- Extracted entries
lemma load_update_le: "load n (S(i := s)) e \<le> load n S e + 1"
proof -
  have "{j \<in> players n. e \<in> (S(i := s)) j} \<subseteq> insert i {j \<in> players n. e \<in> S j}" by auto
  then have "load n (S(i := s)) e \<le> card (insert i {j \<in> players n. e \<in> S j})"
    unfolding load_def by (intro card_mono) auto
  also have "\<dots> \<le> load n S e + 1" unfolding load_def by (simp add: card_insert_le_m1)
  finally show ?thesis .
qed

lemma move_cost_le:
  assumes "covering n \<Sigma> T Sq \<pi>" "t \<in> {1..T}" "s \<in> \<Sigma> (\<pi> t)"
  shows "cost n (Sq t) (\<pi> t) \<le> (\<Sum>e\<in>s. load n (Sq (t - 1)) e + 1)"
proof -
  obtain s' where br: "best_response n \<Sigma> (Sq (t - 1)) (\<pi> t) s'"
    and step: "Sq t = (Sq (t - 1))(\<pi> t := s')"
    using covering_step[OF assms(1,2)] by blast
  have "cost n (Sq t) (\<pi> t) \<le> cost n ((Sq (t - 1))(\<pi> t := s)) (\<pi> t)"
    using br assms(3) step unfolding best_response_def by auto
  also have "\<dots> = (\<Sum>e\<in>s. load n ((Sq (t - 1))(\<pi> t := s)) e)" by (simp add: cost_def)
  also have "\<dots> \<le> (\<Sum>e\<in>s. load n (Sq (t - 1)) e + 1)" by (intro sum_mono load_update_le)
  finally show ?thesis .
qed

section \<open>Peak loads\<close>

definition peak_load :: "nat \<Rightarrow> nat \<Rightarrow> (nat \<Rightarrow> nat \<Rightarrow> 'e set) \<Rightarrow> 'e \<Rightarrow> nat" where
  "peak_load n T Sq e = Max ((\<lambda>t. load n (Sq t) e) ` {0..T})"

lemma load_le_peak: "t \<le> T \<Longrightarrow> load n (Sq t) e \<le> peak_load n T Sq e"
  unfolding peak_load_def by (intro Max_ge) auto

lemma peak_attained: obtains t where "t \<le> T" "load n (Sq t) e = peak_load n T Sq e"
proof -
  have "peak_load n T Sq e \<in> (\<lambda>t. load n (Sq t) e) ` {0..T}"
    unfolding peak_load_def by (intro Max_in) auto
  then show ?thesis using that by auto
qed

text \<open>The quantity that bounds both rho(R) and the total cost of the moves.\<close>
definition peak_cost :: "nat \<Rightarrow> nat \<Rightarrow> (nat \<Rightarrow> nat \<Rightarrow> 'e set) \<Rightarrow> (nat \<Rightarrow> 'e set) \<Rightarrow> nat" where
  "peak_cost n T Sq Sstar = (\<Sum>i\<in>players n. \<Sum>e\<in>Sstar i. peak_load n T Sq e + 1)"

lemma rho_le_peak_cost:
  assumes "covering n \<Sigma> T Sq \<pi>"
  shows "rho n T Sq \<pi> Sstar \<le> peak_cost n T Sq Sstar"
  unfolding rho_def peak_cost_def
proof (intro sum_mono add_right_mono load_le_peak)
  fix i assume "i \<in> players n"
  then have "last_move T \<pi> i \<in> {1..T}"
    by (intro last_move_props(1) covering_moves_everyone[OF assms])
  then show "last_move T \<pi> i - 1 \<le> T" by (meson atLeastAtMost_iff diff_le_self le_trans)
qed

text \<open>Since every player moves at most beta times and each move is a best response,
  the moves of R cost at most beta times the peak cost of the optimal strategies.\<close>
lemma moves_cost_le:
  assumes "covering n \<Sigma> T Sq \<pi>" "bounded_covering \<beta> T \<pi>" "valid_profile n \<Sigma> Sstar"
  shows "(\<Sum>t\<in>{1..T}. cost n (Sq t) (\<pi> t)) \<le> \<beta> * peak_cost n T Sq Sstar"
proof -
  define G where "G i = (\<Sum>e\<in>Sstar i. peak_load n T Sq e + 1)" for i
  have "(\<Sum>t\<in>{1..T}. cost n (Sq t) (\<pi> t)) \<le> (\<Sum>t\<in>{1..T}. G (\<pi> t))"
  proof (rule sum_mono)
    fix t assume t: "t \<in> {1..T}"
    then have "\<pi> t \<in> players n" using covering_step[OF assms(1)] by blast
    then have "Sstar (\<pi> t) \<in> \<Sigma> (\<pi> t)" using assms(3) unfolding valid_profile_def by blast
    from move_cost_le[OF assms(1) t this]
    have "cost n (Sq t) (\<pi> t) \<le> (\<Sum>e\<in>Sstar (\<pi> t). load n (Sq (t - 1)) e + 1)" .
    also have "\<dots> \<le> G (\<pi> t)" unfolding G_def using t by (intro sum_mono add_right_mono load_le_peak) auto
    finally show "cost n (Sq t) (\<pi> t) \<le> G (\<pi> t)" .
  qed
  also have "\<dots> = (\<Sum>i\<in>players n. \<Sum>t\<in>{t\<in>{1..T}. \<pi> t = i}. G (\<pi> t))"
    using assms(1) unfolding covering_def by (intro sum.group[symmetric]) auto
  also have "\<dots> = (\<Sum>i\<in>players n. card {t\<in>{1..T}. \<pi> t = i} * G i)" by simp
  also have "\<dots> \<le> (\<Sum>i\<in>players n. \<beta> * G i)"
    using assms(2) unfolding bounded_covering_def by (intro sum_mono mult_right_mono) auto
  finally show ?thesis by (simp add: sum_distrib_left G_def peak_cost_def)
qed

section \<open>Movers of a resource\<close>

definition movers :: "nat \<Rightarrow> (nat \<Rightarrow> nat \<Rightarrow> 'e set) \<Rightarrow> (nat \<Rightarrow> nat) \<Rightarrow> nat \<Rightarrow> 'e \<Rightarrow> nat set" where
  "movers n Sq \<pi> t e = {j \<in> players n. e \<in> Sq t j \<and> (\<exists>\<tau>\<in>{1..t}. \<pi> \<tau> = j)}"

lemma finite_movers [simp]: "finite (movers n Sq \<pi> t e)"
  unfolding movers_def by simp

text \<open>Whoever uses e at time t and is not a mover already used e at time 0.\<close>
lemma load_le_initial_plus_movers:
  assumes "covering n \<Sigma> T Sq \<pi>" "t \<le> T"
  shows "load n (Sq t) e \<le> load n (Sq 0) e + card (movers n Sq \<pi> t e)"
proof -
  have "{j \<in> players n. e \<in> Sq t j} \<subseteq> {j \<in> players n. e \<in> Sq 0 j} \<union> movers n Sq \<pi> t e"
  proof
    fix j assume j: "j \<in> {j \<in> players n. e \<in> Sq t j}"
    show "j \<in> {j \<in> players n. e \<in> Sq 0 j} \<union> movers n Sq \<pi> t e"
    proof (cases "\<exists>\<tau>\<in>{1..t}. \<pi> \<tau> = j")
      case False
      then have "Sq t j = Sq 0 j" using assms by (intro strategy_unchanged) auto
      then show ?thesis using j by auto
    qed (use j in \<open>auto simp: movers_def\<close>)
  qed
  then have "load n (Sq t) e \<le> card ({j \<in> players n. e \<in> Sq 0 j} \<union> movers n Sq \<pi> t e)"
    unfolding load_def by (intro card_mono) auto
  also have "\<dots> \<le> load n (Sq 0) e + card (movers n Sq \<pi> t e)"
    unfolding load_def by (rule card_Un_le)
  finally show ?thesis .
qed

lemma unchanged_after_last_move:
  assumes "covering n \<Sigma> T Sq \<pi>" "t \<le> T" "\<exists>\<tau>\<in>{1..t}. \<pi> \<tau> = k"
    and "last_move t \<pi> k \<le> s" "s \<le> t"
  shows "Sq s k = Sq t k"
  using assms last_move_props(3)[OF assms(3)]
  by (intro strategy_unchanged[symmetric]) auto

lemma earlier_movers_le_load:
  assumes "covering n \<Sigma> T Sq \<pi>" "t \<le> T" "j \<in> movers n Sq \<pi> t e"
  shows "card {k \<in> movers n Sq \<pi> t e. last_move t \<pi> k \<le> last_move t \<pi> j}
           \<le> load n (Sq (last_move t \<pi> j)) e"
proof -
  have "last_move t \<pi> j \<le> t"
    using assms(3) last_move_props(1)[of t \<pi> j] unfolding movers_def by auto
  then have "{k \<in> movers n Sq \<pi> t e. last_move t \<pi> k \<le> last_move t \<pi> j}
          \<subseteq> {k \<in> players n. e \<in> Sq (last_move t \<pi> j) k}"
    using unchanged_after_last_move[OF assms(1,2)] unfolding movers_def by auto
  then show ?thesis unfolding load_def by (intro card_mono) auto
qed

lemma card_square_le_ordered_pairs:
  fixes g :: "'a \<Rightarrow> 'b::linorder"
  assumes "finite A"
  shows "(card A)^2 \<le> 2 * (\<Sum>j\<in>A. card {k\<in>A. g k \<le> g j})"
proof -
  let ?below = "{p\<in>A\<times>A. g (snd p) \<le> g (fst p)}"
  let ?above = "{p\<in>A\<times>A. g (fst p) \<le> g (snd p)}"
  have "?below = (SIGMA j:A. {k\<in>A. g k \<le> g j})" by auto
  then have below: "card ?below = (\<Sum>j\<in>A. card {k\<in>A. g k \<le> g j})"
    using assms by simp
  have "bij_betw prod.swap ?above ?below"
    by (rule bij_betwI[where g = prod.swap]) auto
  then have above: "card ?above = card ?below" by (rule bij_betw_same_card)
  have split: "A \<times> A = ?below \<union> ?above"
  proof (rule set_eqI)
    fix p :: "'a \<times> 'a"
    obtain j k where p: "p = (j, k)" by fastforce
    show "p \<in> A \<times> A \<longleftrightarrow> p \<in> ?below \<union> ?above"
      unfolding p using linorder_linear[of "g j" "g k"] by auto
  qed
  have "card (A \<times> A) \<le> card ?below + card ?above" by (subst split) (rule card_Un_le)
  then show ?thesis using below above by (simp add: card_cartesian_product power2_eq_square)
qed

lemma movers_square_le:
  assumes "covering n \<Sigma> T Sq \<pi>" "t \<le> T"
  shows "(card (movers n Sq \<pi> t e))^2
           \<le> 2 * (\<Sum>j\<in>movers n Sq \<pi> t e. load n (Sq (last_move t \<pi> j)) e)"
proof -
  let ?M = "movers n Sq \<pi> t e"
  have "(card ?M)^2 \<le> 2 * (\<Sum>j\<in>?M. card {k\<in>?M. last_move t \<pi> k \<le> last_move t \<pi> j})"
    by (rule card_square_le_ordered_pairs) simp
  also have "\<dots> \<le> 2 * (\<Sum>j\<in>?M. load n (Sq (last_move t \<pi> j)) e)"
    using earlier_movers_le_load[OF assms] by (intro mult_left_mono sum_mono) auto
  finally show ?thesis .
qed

- Problem
Please say how many lines in the records above contain the word "rule". Give the number alone.

- Result
7